_ACTION ITEM_
In the listing below, count the lines that contain the string "samples", and state that number without further words.

_SOURCE DATA_

definition total_test_error ::
    "nat \<Rightarrow> 'y measure \<Rightarrow> 'y measure \<Rightarrow> ((nat \<Rightarrow> 'y) \<Rightarrow> bool) \<Rightarrow> real" where
  "total_test_error n Q0 Q1 \<psi> =
     measure (PiM {..<n} (\<lambda>_. Q0)) {x \<in> space (PiM {..<n} (\<lambda>_. Q0)). \<psi> x}
   + measure (PiM {..<n} (\<lambda>_. Q1)) {x \<in> space (PiM {..<n} (\<lambda>_. Q1)). \<not> \<psi> x}"

text \<open>Markov transition property under the probability measure M: for t \<le> j, the
  conditional law of Z (j+1) given Z t, ..., Z j is K (Z j).\<close>
definition markov_step ::
    "'o measure \<Rightarrow> 'z measure \<Rightarrow> (nat \<Rightarrow> 'o \<Rightarrow> 'z) \<Rightarrow> nat \<Rightarrow> nat \<Rightarrow> ('z \<Rightarrow> 'z measure) \<Rightarrow> bool" where
  "markov_step M S Z t j K \<longleftrightarrow>
     (\<forall>B \<in> sets (PiM {t..j} (\<lambda>_. S)). \<forall>A \<in> sets S.
        measure M {\<omega> \<in> space M. restrict (\<lambda>i. Z i \<omega>) {t..j} \<in> B \<and> Z (Suc j) \<omega> \<in> A}
        = (\<integral>\<omega>. indicator {\<omega> \<in> space M. restrict (\<lambda>i. Z i \<omega>) {t..j} \<in> B} \<omega>
                 * measure (K (Z j \<omega>)) A \<partial>M))"

end

(* Each Markov step contracts the chi-square divergence by its contraction coefficient, so
   chi2(P_u || Q_u) <= Attn(t -> u) * Delta^2 =: c.  A test on samples of Y_u = g(Z_u) is a test on
   samples of Z_u, and chi-square tensorises: chi2(P^n || Q^n) = (1 + c)^n - 1.  Le Cam's bound
   Q(A) - P(A) <= sqrt (chi2(P || Q)) / 2 then turns total error <= eps into
   4 (1 - eps)^2 <= (1 + c)^n - 1, while (1 + c)^n <= 1 + 3 n c as long as n c <= 1;
   hence n c >= (1 - eps)^2. *)

theory Submission
  imports Defs
begin

lemma real_density_of_absolutely_continuous:
  assumes M: "sigma_finite_measure M" and N: "sigma_finite_measure N"
    and ac: "absolutely_continuous M N" and sets_eq: "sets N = sets M"
  obtains r where "r \<in> borel_measurable M" "\<And>x. 0 \<le> r x"
    and "N = density M (\<lambda>x. ennreal (r x))"
proof
  interpret M: sigma_finite_measure M by fact
  have "AE x in M. RN_deriv M N x = ennreal (enn2real (RN_deriv M N x))"
    using M.RN_deriv_finite[OF N ac sets_eq] by eventually_elim (simp add: less_top)
  then have "density M (RN_deriv M N) = density M (\<lambda>x. ennreal (enn2real (RN_deriv M N x)))"
    by (intro density_cong) auto
  then show "N = density M (\<lambda>x. ennreal (enn2real (RN_deriv M N x)))"
    using M.density_RN_deriv[OF ac sets_eq] by simp
qed auto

_ANSWER TO THIS PROBLEM_
2